レギュラーガソリン補助合理化、実施は早くで第4四半期の見通し

【クアラルンプール】 政府は10日、補助金なしのディーゼル油(軽油)価格を1リットル3.35リンギに設定し即日施行したが、国民の関心が集まっているのは消費者への影響がもっと大きいレギュラーガソリン(RON95)の補助合理化に伴う価格設定だ。

金融大手CIMBの調査部門は、政府はRON95価格の調整を10月11日の来年度予算案の上程に合わせ行うとの見通しを示した。

軽油補助の対象となる個人(国民)および小規模農家からの補助金申請が今後増えるため、財務省は当面その処理に忙殺されることと、軽油補助合理化が消費者物価指数(CPI)にどの程度影響を与えるかを見極める必要があるためだという。

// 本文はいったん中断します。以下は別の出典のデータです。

(* The Lyapunov equation A X + X A^T = -B B^T is a triangular linear system
   in the entries of X; its unique solution is the symmetric matrix X = [[p, q], [q, 1/2]]
   with p = ((alpha + 2t)^2 + alpha^2)/8 and q = (alpha + 2t)/4.
   For a symmetric positive definite 2x2 matrix S the singular values are its eigenvalues,
   i.e. the two positive roots lo <= hi of z^2 - T z + D (T trace, D determinant).  Hence
   rho = lo/hi lies in (0,1] and, by Vieta, rho/(1+rho)^2 = lo*hi/(lo+hi)^2 = D/T^2.
   For the solution X, D = alpha^2/16 for every t, and D/T^2 = 4 alpha^2/N^2 with
   N = (alpha + 2t)^2 + alpha^2 + 4, which is largest exactly at t = -alpha/2, where it
   equals 4 alpha^2/(4 + alpha^2)^2 = c/(1+c)^2 for the claimed optimal ratio c.  Since
   x |-> x/(1+x)^2 is increasing on (0,1], this gives rho <= c, with equality at t = -alpha/2.
   The file develops, in order: the explicit Lyapunov solution; kernels and definiteness of
   2x2 systems; singular values of symmetric positive definite 2x2 matrices and their ratio;
   the monotonicity comparison and the optimal ratio; the ratio for the Lyapunov solution;
   and finally the theorem. *)

text \<open>The Lyapunov equation determines X uniquely: solving the entries from the bottom
  right corner upwards gives the displayed formula.\<close>
lemma lyap_sol_iff:
  "lyap_sol a t X \<longleftrightarrow>
     X = (1/4) *\<^sub>R vector [vector [2*t^2 + 2*a*t + a^2, a + 2*t], vector [a + 2*t, 2]]"
proof -
  have "lyap_sol a t X \<longleftrightarrow>
      2*X$2$2 = 1 \<and> 2*X$1$2 = t + a*X$2$2 \<and> 2*X$2$1 = t + a*X$2$2
      \<and> 2*X$1$1 = t*t + a*(X$1$2 + X$2$1)"
    unfolding lyap_sol_def Amat_def Bvec_def
    by (simp add: vec_eq_iff forall_2 matrix_matrix_mult_def sum_2 transpose_def vector_2
        algebra_simps) (auto simp: algebra_simps)
  also have "\<dots> \<longleftrightarrow> X$2$2 = 1/2 \<and> X$1$2 = (a + 2*t)/4 \<and> X$2$1 = (a + 2*t)/4
      \<and> X$1$1 = (2*t^2 + 2*a*t + a^2)/4" (is "?system \<longleftrightarrow> ?solution")
  proof
    assume system: ?system
    then have x22: "X$2$2 = 1/2" by simp
    with system have x12: "X$1$2 = (a + 2*t)/4" and x21: "X$2$1 = (a + 2*t)/4"
      by (auto simp: field_simps)
    from system have "2*X$1$1 = t*t + a*(X$1$2 + X$2$1)" by simp
    then have "X$1$1 = (2*t^2 + 2*a*t + a^2)/4"
      unfolding x12 x21 by (simp add: power2_eq_square field_simps)
    with x22 x12 x21 show ?solution by blast
  next
    assume ?solution
    then show ?system by (simp add: power2_eq_square add_divide_distrib algebra_simps)
  qed
  also have "\<dots> \<longleftrightarrow>
      X = (1/4) *\<^sub>R vector [vector [2*t^2 + 2*a*t + a^2, a + 2*t], vector [a + 2*t, 2]]"
    by (auto simp: vec_eq_iff forall_2 vector_2)
  finally show ?thesis .
qed

definition sym2 :: "real \<Rightarrow> real \<Rightarrow> real \<Rightarrow> real^2^2" where
  "sym2 p q r = vector [vector [p, q], vector [q, r]]"


text \<open>A symmetric 2x2 matrix with positive leading entry and positive determinant has a
  positive definite quadratic form (completion of the square).\<close>
lemma pos_def2:
  fixes p q r x y :: real
  assumes "p > 0" and "q^2 < p*r" and "x \<noteq> 0 \<or> y \<noteq> 0"
  shows "p*x^2 + 2*q*x*y + r*y^2 > 0"
proof -
  have square: "p*(p*x^2 + 2*q*x*y + r*y^2) = (p*x + q*y)^2 + (p*r - q^2)*y^2"
    by (simp add: power2_eq_square algebra_simps)
  have "(p*x + q*y)^2 + (p*r - q^2)*y^2 > 0"
  proof (cases "y = 0")
    case True
    with assms show ?thesis by simp
  next
    case False
    with assms(2) show ?thesis by (simp add: add_nonneg_pos)
  qed
  with square \<open>p > 0\<close> show ?thesis by (metis zero_less_mult_pos)
qed

lemma det2_vanishes:
  fixes a b c d u w :: real
  assumes "u \<noteq> 0 \<or> w \<noteq> 0" and "a*u + b*w = 0" and "c*u + d*w = 0"
  shows "a*d - b*c = 0"
proof -
  have "(a*d - b*c)*u = d*(a*u + b*w) - b*(c*u + d*w)"
    and "(a*d - b*c)*w = a*(c*u + d*w) - c*(a*u + b*w)"
    by (simp_all add: algebra_simps)
  with assms show ?thesis by auto
qed

lemma det2_kernel:
  fixes a b c d :: real
  assumes "a*d = b*c"
  obtains x y where "x \<noteq> 0 \<or> y \<noteq> 0" and "a*x + b*y = 0" and "c*x + d*y = 0"
proof (cases "a = 0 \<and> b = 0")
  case True
  show ?thesis
  proof (cases "c = 0 \<and> d = 0")
    case True
    with \<open>a = 0 \<and> b = 0\<close> show ?thesis by (intro that[of 1 0]) simp_all
  next
    case False
    with \<open>a = 0 \<and> b = 0\<close> show ?thesis by (intro that[of d "-c"]) (auto simp: algebra_simps)
  qed
next
  case False
  with assms show ?thesis by (intro that[of b "-a"]) (auto simp: algebra_simps)
qed

lemma sym2_gram_eigen_iff:
  fixes v :: "real^2"
  shows "(transpose (sym2 p q r) ** sym2 p q r) *v v = c *\<^sub>R v \<longleftrightarrow>
    (p*p + q*q)*(v$1) + (p*q + q*r)*(v$2) = c*(v$1) \<and>
    (p*q + q*r)*(v$1) + (q*q + r*r)*(v$2) = c*(v$2)"
  by (simp add: sym2_def vec_eq_iff forall_2 matrix_vector_mult_def matrix_matrix_mult_def
      sum_2 transpose_def vector_2 algebra_simps)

RON95補助の合理化で小売価格が10%引き上げられれば、CPIを0.5ポイント(軽油の場合は0.002ポイント)押し上げると推測される。RON95補助合理化が家計の購買力に与える影響が軽油より大きいことから、政府は慎重に事を運ぶと考えられるという。

シンガポール系UOB銀行の調査部門は、ガソリン補助合理化の時期は、軽油補助合理化がもたらす影響と、ガソリン補助受給資格を判断するデータベースプラットフォームの準備状況に左右されるとした。